Caminas por algún lugar y ves a una persona conocida. La analizas, buscas en su rostro los gestos que le den identidad, pero los recuerdos perecen y no hay registros, a pesar de que el corazón te dice que sí, que conoces a ese individuo.
Avanzas cambiando la mirada, volviéndola siempre a esa persona, como queriendo hacer un contacto visual envalentonado, a propósito. Te estás acercando y sólo esperas que te reconozca, a ver si el comienzo de una conversación casual te devuelve la memoria.
Y las miradas se cruzan, se enlazan como los cordones de los zapatos que los niños amarran; tan sólo dura unos segundos, pero detrás hay una verdadera conexión que se siente entre la distancia.

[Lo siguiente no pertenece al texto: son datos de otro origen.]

lemma Psi_le_powr_large:
  fixes t y :: real
  defines "\<sigma> \<equiv> 1 - 1 / (2 * ln y)"
  assumes y: "15 \<le> y" and t: "1 \<le> t" "8 * ln y < ln t"
    and IH: "\<And>s. s \<le> t / 2 \<Longrightarrow> real (Psi s y) \<le> 67.21 * s powr \<sigma>"
  shows "real (Psi t y) \<le> 67.21 * t powr \<sigma>"
proof -
  define T where "T = 67.21 * t powr \<sigma>"
  define D where "D = ln t - 4"
  have L: "5/2 \<le> ln y" using y by (rule five_halves_le_ln)
  have \<sigma>: "4/5 \<le> \<sigma>" using L by (simp add: \<sigma>_def field_simps)
  have T: "0 \<le> T" by (simp add: T_def)
  have D: "0 < D" "5 * ln y + 5/3 \<le> 15/16 * D" using t(2) L by (simp_all add: D_def)
  have "(\<Sum>n\<in>smooth_numbers t y. ln (real n))
      \<le> T * (\<Sum>p | prime p \<and> real p \<le> y. ln (real p) / (real p powr \<sigma> - 1))"
    unfolding T_def
  proof (rule sum_ln_smooth_le_powr)
    fix p k :: nat assume p: "prime p" and k: "1 \<le> k"
    have "2 \<le> real p" using prime_ge_2_nat[OF p] by simp
    also have "\<dots> \<le> real p ^ k" using k \<open>2 \<le> real p\<close> by (simp add: self_le_power)
    finally have "t / real p ^ k \<le> t / 2" using t(1) prime_gt_0_nat[OF p] by (intro divide_left_mono) auto
    then show "real (Psi (t / real p ^ k) y) \<le> 67.21 * (t / real p ^ k) powr \<sigma>" by (rule IH)
  qed (use \<sigma> t in auto)
  also have "\<dots> \<le> T * (5 * ln y + 5/3)"
    using sum_ln_div_powr_minus_one_le[OF y] T unfolding \<sigma>_def by (rule mult_left_mono)
  finally have sum_ln: "(\<Sum>n\<in>smooth_numbers t y. ln (real n)) \<le> T * (5 * ln y + 5/3)" .
  have "2 \<le> exp (4::real)" using exp_ge_add_one_self[of 4] by simp
  then have half: "t / exp 4 \<le> t / 2" using t(1) by (intro divide_left_mono) auto
  then have "real (Psi (t / exp 4) y) \<le> 67.21 * (t / exp 4) powr \<sigma>" by (rule IH)
  also have "\<dots> = T / exp (4 * \<sigma>)"
    using t(1) by (simp add: T_def powr_divide exp_powr_real)
  also have "\<dots> \<le> T / 16"
  proof (rule divide_left_mono[OF _ T])
    have "(16::real) \<le> exp (10 * (8/25))"
      using exp_of_nat_mult_bounds(1)[of "8/25" 10] by (simp add: power_divide)
    also have "\<dots> \<le> exp (4 * \<sigma>)" using \<sigma> by simp
    finally show "16 \<le> exp (4 * \<sigma>)" .
  qed simp
  finally have small: "real (Psi (t / exp 4) y) \<le> T / 16" .
  have "real (Psi t y) * D \<le> (\<Sum>n\<in>smooth_numbers t y. ln (real n)) + D * real (Psi (t / exp 4) y)"
    using Psi_mul_ln_le[of "t / exp 4" t y] half t(1) by (simp add: D_def ln_div)
  also have "\<dots> \<le> T * (15/16 * D) + D * (T / 16)"
  proof (rule add_mono)
    show "(\<Sum>n\<in>smooth_numbers t y. ln (real n)) \<le> T * (15/16 * D)"
      using sum_ln mult_left_mono[OF D(2) T] by (rule order_trans)
    show "D * real (Psi (t / exp 4) y) \<le> D * (T / 16)"
      using small D(1) by (simp add: mult_left_mono)
  qed
  also have "\<dots> = T * D" by (simp add: algebra_simps)
  finally show ?thesis using D(1) by (simp add: T_def)
qed

lemma Psi_le_powr:
  fixes t y :: real
  assumes y: "15 \<le> y"
  shows "real (Psi t y) \<le> 67.21 * t powr (1 - 1 / (2 * ln y))"
proof (induction t rule: real_halving_induct)
  case (small t)
  then show ?case by (simp add: Psi_eq_0)
next
  case (step t)
  show ?case
  proof (cases "ln t \<le> 8 * ln y")
    case True
    have L: "5/2 \<le> ln y" using y by (rule five_halves_le_ln)
    have "t powr (1 / (2 * ln y)) = exp (ln t / (2 * ln y))"
      using step.hyps by (simp add: powr_def)
    also have "\<dots> \<le> exp 4" using True L by (simp add: field_simps)
    also have "\<dots> \<le> 67.21"
      using exp_of_nat_mult_bounds(2)[of "1/10" 40] by (simp add: power_divide)
    finally have "t powr (1 / (2 * ln y)) \<le> 67.21" .
    then have "t powr (1 - 1 / (2 * ln y)) * t powr (1 / (2 * ln y))
        \<le> t powr (1 - 1 / (2 * ln y)) * 67.21"
      by (rule mult_left_mono) simp
    moreover have "t powr (1 - 1 / (2 * ln y)) * t powr (1 / (2 * ln y)) = t"
      using step.hyps by (simp add: powr_add[symmetric])
    moreover have "real (Psi t y) \<le> t" using step.hyps by (simp add: Psi_le)
    ultimately show ?thesis by (simp add: mult.commute)
  next
    case False
    then show ?thesis using Psi_le_powr_large[OF y step.hyps] step.IH by simp
  qed
qed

Claro, pareciera que los separan silencios y complicidades, pero hay una seguridad que se entiende, incluso, desde la circunstancia ajena, y que refiere a la pura coincidencia de encontrarse, de reconocerse, de obviarse con la certeza de haberse entendido, a pesar de esa omisión media forzada.
Ahí hay belleza. En el silencio. Porque se deja abierta una oportunidad cierta y que, muchas veces, dejamos pasar. Como a esa persona. Como la vida y sus sorpresas.